HOW TO COMPLETE THIS TASK: Keep only those lines of the records that include the string "finally".

Source data:
----------
lemma abs_flh_pred_le:
  assumes "1 \<le> t" "\<bar>x0\<bar> \<le> B"
  shows "\<bar>flh_pred \<zeta> B x0 y t\<bar> \<le> B"
proof -
  note v = flh_v_distribution[OF assms(1), of \<zeta> B x0 y]
  have "\<bar>flh_pred \<zeta> B x0 y t\<bar> \<le> (\<Sum>j = 1..t. \<bar>flh_v \<zeta> B x0 y t j * base_pred B x0 y j t\<bar>)"
    unfolding flh_pred_def by (rule sum_abs)
  also have "\<dots> \<le> (\<Sum>j = 1..t. flh_v \<zeta> B x0 y t j * B)"
  proof (intro sum_mono)
    fix j assume "j \<in> {1..t}"
    then have "0 < flh_v \<zeta> B x0 y t j"
      using v by blast
    moreover have "\<bar>base_pred B x0 y j t\<bar> \<le> B"
      using assms(2) by (intro abs_base_pred_le) auto
    ultimately show "\<bar>flh_v \<zeta> B x0 y t j * base_pred B x0 y j t\<bar> \<le> flh_v \<zeta> B x0 y t j * B"
      by (simp add: abs_mult mult_left_mono)
  qed
  also have "\<dots> = B"
    using v by (simp add: sum_distrib_right[symmetric])
  finally show ?thesis .
qed

section \<open>Adaptive regret of FLH-OGD\<close>

definition adaptive_bound :: "real \<Rightarrow> real \<Rightarrow> nat \<Rightarrow> real" where
  "adaptive_bound G B n = (G + B)\<^sup>2 * (2 * ln (real n + 1) + ln (real n) + 1)"

lemma adaptive_bound_nonneg: "1 \<le> n \<Longrightarrow> 0 \<le> adaptive_bound G B n"
  unfolding adaptive_bound_def by (intro mult_nonneg_nonneg add_nonneg_nonneg) auto

lemma flh_ogd_interval_regret:
  assumes "1 \<le> r" "r \<le> s" "s \<le> n" "\<forall>t\<in>{1..n}. \<bar>y t\<bar> \<le> G" "\<bar>x0\<bar> \<le> B" "\<bar>u\<bar> \<le> B" "0 < G + B"
  shows "(\<Sum>t = r..s. (y t - flh_ogd G B x0 y t)\<^sup>2 - (y t - u)\<^sup>2) \<le> adaptive_bound G B n"
proof -
  define \<zeta> where "\<zeta> = 1 / (2 * (G + B)\<^sup>2)"
  have \<zeta>: "0 < \<zeta>" "2 * \<zeta> * (G + B)\<^sup>2 \<le> 1"
    using assms(7) by (simp_all add: \<zeta>_def)
  have "(\<Sum>t = r..s. (y t - flh_pred \<zeta> B x0 y t)\<^sup>2 - (y t - base_pred B x0 y r t)\<^sup>2)
      \<le> ln (real s + 1) / \<zeta>"
    using assms \<zeta> by (intro flh_regret_le_base_pred) auto
  also have "\<dots> = 2 * (G + B)\<^sup>2 * ln (real s + 1)"
    by (simp add: \<zeta>_def)
  also have "\<dots> \<le> 2 * (G + B)\<^sup>2 * ln (real n + 1)"
    using assms(3) by (intro mult_left_mono) auto
  finally have meta: "(\<Sum>t = r..s. (y t - flh_ogd G B x0 y t)\<^sup>2 - (y t - base_pred B x0 y r t)\<^sup>2)
      \<le> 2 * (G + B)\<^sup>2 * ln (real n + 1)"
    by (simp add: flh_ogd_def \<zeta>_def)
  have "(\<Sum>t = r..s. (y t - base_pred B x0 y r t)\<^sup>2 - (y t - u)\<^sup>2)
      = (\<Sum>k<Suc (s - r). (y (r + k) - ogd B x0 y r k)\<^sup>2 - (y (r + k) - u)\<^sup>2)"
    using assms(2) by (simp add: sum.atLeastAtMost_shift_0 lessThan_Suc_atMost atLeast0AtMost base_pred_def)
  also have "\<dots> \<le> (G + B)\<^sup>2 * (ln (real (Suc (s - r))) + 1)"
    using assms by (intro ogd_regret_le_ln) auto
  also have "\<dots> \<le> (G + B)\<^sup>2 * (ln (real n) + 1)"
    using assms by (intro mult_left_mono) auto
  finally have base: "(\<Sum>t = r..s. (y t - base_pred B x0 y r t)\<^sup>2 - (y t - u)\<^sup>2)
      \<le> (G + B)\<^sup>2 * (ln (real n) + 1)" .
  have "(\<Sum>t = r..s. (y t - flh_ogd G B x0 y t)\<^sup>2 - (y t - u)\<^sup>2)
      = (\<Sum>t = r..s. (y t - flh_ogd G B x0 y t)\<^sup>2 - (y t - base_pred B x0 y r t)\<^sup>2)
        + (\<Sum>t = r..s. (y t - base_pred B x0 y r t)\<^sup>2 - (y t - u)\<^sup>2)"
    by (simp add: sum_subtractf)
  with meta base show ?thesis
    unfolding adaptive_bound_def by (simp add: algebra_simps)
qed

definition num_changes :: "(nat \<Rightarrow> real) \<Rightarrow> nat \<Rightarrow> real" where
  "num_changes p n = (\<Sum>t = 2..n. of_bool (p t \<noteq> p (t - 1)))"

lemma num_changes_Suc: "1 \<le> n \<Longrightarrow> num_changes p (Suc n) = num_changes p n + of_bool (p (Suc n) \<noteq> p n)"
  unfolding num_changes_def by (subst sum.cl_ivl_Suc) auto

lemma sum_le_by_constant_blocks:
  fixes f :: "nat \<Rightarrow> real \<Rightarrow> real"
  assumes "1 \<le> n"
    and block: "\<And>r s. 1 \<le> r \<Longrightarrow> r \<le> s \<Longrightarrow> s \<le> n \<Longrightarrow> (\<Sum>t = r..s. f t (p s)) \<le> L"
  shows "(\<Sum>t = 1..n. f t (p t)) \<le> L * (1 + num_changes p n)"
proof -
  have blocks: "\<exists>r\<in>{1..s}. (\<Sum>t = 1..s. f t (p t)) \<le> L * num_changes p s + (\<Sum>t = r..s. f t (p s))"
    if "1 \<le> s" "s \<le> n" for s
    using that
  proof (induction s rule: dec_induct)
    case base
    then show ?case
      by (intro bexI[of _ 1]) (auto simp: num_changes_def)
  next
    case (step s)
    then obtain r where r: "r \<in> {1..s}"
      and IH: "(\<Sum>t = 1..s. f t (p t)) \<le> L * num_changes p s + (\<Sum>t = r..s. f t (p s))"
      by auto
    show ?case
    proof (cases "p (Suc s) = p s")
      case True
      then have "(\<Sum>t = 1..Suc s. f t (p t))
          \<le> L * num_changes p (Suc s) + (\<Sum>t = r..Suc s. f t (p (Suc s)))"
        using IH r step.hyps(1) by (simp add: num_changes_Suc)
      then show ?thesis
        using r by (intro bexI[of _ r]) auto
    next
      case False
      have "(\<Sum>t = r..s. f t (p s)) \<le> L"
        using r step.prems by (intro block) auto
      then have "(\<Sum>t = 1..Suc s. f t (p t))
          \<le> L * num_changes p (Suc s) + (\<Sum>t = Suc s..Suc s. f t (p (Suc s)))"
        using IH False step.hyps(1) by (simp add: num_changes_Suc algebra_simps)
      then show ?thesis
        by (intro bexI[of _ "Suc s"]) auto
    qed
  qed
  obtain r where "r \<in> {1..n}"
    and "(\<Sum>t = 1..n. f t (p t)) \<le> L * num_changes p n + (\<Sum>t = r..n. f t (p n))"
    using blocks[OF assms(1) order_refl] by blast
  moreover have "(\<Sum>t = r..n. f t (p n)) \<le> L"
    using \<open>r \<in> {1..n}\<close> by (intro block) auto
  ultimately show ?thesis
    by (simp add: distrib_left)
qed

lemma flh_ogd_piecewise_constant_regret:
  assumes "1 \<le> n" "\<forall>t\<in>{1..n}. \<bar>y t\<bar> \<le> G" "\<bar>x0\<bar> \<le> B" "0 < G + B" "\<forall>t\<in>{1..n}. \<bar>p t\<bar> \<le> B"
  shows "(\<Sum>t = 1..n. (y t - flh_ogd G B x0 y t)\<^sup>2 - (y t - p t)\<^sup>2)
           \<le> adaptive_bound G B n * (1 + num_changes p n)"
  using assms(1)
proof (rule sum_le_by_constant_blocks[where f = "\<lambda>t u. (y t - flh_ogd G B x0 y t)\<^sup>2 - (y t - u)\<^sup>2"])
  fix r s assume "1 \<le> r" "r \<le> s" "s \<le> n"
  then show "(\<Sum>t = r..s. (y t - flh_ogd G B x0 y t)\<^sup>2 - (y t - p s)\<^sup>2) \<le> adaptive_bound G B n"
    using assms by (intro flh_ogd_interval_regret) auto
qed

section \<open>Quantizing a bounded comparator\<close>

definition total_variation :: "nat \<Rightarrow> (nat \<Rightarrow> real) \<Rightarrow> real" where
  "total_variation n v = (\<Sum>t = 2..n. \<bar>v t - v (t - 1)\<bar>)"

lemma total_variation_cong:
  assumes "\<And>t. t \<in> {1..n} \<Longrightarrow> u t = v t"
  shows "total_variation n u = total_variation n v"
  unfolding total_variation_def
proof (intro sum.cong refl)
  fix t assume "t \<in> {2..n}"
  then have "t \<in> {1..n}" "t - 1 \<in> {1..n}"
    by auto
  then have "u t = v t" "u (t - 1) = v (t - 1)"
    using assms by blast+
  then show "\<bar>u t - u (t - 1)\<bar> = \<bar>v t - v (t - 1)\<bar>"
    by simp
qed

text \<open>The quantized sequence follows \<open>w\<close> lazily, jumping to \<open>w t\<close> only when \<open>w\<close> has moved
  more than \<open>h\<close> away or has reached the boundary \<open>\<plusminus>B\<close>; the second rule keeps it equal to
  \<open>w\<close> wherever \<open>w\<close> sits on the boundary.\<close>

primrec quantize :: "real \<Rightarrow> real \<Rightarrow> (nat \<Rightarrow> real) \<Rightarrow> nat \<Rightarrow> real" where
  "quantize B h w 0 = w 1"
| "quantize B h w (Suc t) =
     (if h < \<bar>w (Suc t) - quantize B h w t\<bar> \<or> (\<bar>w (Suc t)\<bar> = B \<and> w (Suc t) \<noteq> quantize B h w t)
      then w (Suc t) else quantize B h w t)"

lemma quantize_invariant:
  assumes "0 < h" "\<forall>t\<in>{1..n}. \<bar>w t\<bar> \<le> B" "t \<in> {1..n}"
  shows "\<bar>w t - quantize B h w t\<bar> \<le> h \<and> \<bar>quantize B h w t\<bar> \<le> B
           \<and> (\<bar>w t\<bar> = B \<longrightarrow> quantize B h w t = w t)"
proof -
  have "1 \<le> t" "t \<le> n" using assms(3) by auto
  then show ?thesis
  proof (induction t rule: dec_induct)
    case base
    then show ?case using assms by simp
  next
    case (step s)
    then show ?case
      using assms(1,2) by (auto simp del: quantize.simps simp: quantize.simps(2) split: if_split)
  qed
qed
----------
EXERCISE ANSWER:
  finally show ?thesis .
  finally have meta: "(\<Sum>t = r..s. (y t - flh_ogd G B x0 y t)\<^sup>2 - (y t - base_pred B x0 y r t)\<^sup>2)
  finally have base: "(\<Sum>t = r..s. (y t - base_pred B x0 y r t)\<^sup>2 - (y t - u)\<^sup>2)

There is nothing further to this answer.